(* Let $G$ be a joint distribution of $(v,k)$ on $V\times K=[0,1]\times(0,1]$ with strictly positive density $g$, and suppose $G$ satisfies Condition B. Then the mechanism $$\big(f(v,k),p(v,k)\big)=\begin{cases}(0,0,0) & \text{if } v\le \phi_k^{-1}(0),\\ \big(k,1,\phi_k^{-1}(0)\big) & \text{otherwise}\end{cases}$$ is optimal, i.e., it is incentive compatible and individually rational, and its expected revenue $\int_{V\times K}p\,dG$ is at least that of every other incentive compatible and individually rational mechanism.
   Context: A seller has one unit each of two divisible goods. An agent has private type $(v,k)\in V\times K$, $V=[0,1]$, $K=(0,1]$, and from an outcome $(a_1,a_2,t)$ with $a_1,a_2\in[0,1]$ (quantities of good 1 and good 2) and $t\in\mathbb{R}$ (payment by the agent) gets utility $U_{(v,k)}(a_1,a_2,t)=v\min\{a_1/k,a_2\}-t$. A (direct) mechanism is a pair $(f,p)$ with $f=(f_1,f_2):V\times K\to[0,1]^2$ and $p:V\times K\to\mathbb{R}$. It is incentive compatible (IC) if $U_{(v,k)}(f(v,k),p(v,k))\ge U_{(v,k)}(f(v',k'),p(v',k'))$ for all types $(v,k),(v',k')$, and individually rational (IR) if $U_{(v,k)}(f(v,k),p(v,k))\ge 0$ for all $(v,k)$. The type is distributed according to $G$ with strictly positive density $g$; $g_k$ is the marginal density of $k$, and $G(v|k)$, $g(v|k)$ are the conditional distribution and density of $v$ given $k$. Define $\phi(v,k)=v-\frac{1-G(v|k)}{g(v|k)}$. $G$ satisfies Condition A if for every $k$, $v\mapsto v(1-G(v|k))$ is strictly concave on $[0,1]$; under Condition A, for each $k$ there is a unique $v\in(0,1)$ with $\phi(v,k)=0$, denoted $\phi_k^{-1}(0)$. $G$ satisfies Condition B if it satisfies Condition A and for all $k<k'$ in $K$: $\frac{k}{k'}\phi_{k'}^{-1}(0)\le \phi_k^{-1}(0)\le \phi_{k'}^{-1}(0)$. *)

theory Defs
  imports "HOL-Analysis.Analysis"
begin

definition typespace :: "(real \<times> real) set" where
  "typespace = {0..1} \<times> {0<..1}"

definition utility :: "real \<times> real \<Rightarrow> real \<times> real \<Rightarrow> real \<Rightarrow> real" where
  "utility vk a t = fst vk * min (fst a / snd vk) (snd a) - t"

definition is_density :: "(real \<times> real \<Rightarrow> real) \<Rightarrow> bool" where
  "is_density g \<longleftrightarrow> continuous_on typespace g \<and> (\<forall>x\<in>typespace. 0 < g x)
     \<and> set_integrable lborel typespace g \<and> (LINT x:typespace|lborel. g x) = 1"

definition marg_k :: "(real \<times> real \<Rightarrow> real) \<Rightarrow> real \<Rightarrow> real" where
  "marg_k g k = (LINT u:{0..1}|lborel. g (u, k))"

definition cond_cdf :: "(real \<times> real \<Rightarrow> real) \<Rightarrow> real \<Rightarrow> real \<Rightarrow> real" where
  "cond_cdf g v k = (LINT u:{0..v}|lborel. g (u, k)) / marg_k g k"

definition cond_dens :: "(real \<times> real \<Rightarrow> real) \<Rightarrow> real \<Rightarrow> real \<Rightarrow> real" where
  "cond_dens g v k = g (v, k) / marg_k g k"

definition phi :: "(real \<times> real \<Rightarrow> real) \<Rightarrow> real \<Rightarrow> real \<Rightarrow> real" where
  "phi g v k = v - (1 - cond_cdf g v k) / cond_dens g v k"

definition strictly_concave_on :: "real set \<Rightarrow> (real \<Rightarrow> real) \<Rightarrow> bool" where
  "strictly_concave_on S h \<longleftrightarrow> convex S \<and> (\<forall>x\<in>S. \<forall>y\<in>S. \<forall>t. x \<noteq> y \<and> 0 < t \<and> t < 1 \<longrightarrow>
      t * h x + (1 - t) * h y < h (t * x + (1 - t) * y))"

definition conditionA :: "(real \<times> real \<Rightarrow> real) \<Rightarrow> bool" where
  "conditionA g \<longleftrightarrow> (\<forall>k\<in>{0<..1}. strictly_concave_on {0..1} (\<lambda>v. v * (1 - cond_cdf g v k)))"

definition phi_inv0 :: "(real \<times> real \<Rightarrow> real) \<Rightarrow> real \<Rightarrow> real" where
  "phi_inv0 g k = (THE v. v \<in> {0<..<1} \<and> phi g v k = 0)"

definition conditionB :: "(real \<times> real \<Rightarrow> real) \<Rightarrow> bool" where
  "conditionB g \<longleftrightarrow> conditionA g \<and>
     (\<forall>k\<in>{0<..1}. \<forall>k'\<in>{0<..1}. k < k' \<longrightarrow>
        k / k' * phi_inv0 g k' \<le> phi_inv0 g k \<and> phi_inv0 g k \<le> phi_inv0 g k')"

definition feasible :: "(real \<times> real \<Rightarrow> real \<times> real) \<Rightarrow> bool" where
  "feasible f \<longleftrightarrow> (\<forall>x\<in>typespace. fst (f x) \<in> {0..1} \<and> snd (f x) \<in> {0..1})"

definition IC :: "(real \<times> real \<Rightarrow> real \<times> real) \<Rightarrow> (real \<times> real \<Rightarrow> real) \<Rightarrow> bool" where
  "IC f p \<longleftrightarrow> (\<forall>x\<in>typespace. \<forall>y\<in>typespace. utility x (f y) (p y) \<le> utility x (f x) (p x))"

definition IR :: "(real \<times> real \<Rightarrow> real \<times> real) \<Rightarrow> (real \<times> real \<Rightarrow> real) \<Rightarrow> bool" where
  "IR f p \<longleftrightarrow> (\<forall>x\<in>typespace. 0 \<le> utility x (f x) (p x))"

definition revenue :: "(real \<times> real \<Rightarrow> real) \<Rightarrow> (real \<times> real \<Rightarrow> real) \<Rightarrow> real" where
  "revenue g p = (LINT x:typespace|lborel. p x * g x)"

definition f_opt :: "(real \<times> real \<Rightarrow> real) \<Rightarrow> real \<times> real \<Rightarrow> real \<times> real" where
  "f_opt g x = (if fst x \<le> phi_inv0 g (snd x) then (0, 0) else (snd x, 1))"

• _Required action_:
I need each line of the entries that holds the string "begin" located and copied.

• _Response to the task_:
(* Let $G$ be a joint distribution of $(v,k)$ on $V\times K=[0,1]\times(0,1]$ with strictly positive density $g$, and suppose $G$ satisfies Condition B. Then the mechanism $$\big(f(v,k),p(v,k)\big)=\begin{cases}(0,0,0) & \text{if } v\le \phi_k^{-1}(0),\\ \big(k,1,\phi_k^{-1}(0)\big) & \text{otherwise}\end{cases}$$ is optimal, i.e., it is incentive compatible and individually rational, and its expected revenue $\int_{V\times K}p\,dG$ is at least that of every other incentive compatible and individually rational mechanism.
begin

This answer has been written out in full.